**Work instructions**
With both ends included, repeat exactly the lines of the entries below from the one containing "of_nat k ^ 2" down to the one containing "n)) + of_nat", and no others.

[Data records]
== Segment start ==
lemma gbinomial_product_even_eq_prod:
  fixes y :: rat
  assumes "even n" "1 \<le> k" "k \<le> n"
  shows "((y + of_nat k - 1) gchoose n) * ((- y - of_nat k - 1) gchoose n)
     = y * (y + of_nat (Suc n)) / of_nat k ^ 2
       * ((\<Prod>i<k - 1. 1 + y / of_nat (Suc i))
          * (\<Prod>i<n - k. 1 + (y - of_nat (Suc n)) / of_nat (Suc (k + i))))
       * ((\<Prod>i<k - 1. 1 + (y + of_nat (Suc n)) / of_nat (Suc i))
          * (\<Prod>i<n - k. 1 + y / of_nat (Suc (k + i))))"
proof -
  have "(- y - of_nat k - 1) gchoose n = ((y + of_nat (Suc n)) + of_nat k - 1) gchoose n"
    using gbinomial_negated_upper[of "- y - of_nat k - 1" n] assms(1) by (simp add: algebra_simps)
  then show ?thesis
    unfolding gbinomial_offset_eq_prod[OF assms(2,3)] by (simp add: power2_eq_square)
qed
== Segment end ==
**Solution to the problem**
     = y * (y + of_nat (Suc n)) / of_nat k ^ 2
       * ((\<Prod>i<k - 1. 1 + y / of_nat (Suc i))
          * (\<Prod>i<n - k. 1 + (y - of_nat (Suc n)) / of_nat (Suc (k + i))))
       * ((\<Prod>i<k - 1. 1 + (y + of_nat (Suc n)) / of_nat (Suc i))
          * (\<Prod>i<n - k. 1 + y / of_nat (Suc (k + i))))"
proof -
  have "(- y - of_nat k - 1) gchoose n = ((y + of_nat (Suc n)) + of_nat k - 1) gchoose n"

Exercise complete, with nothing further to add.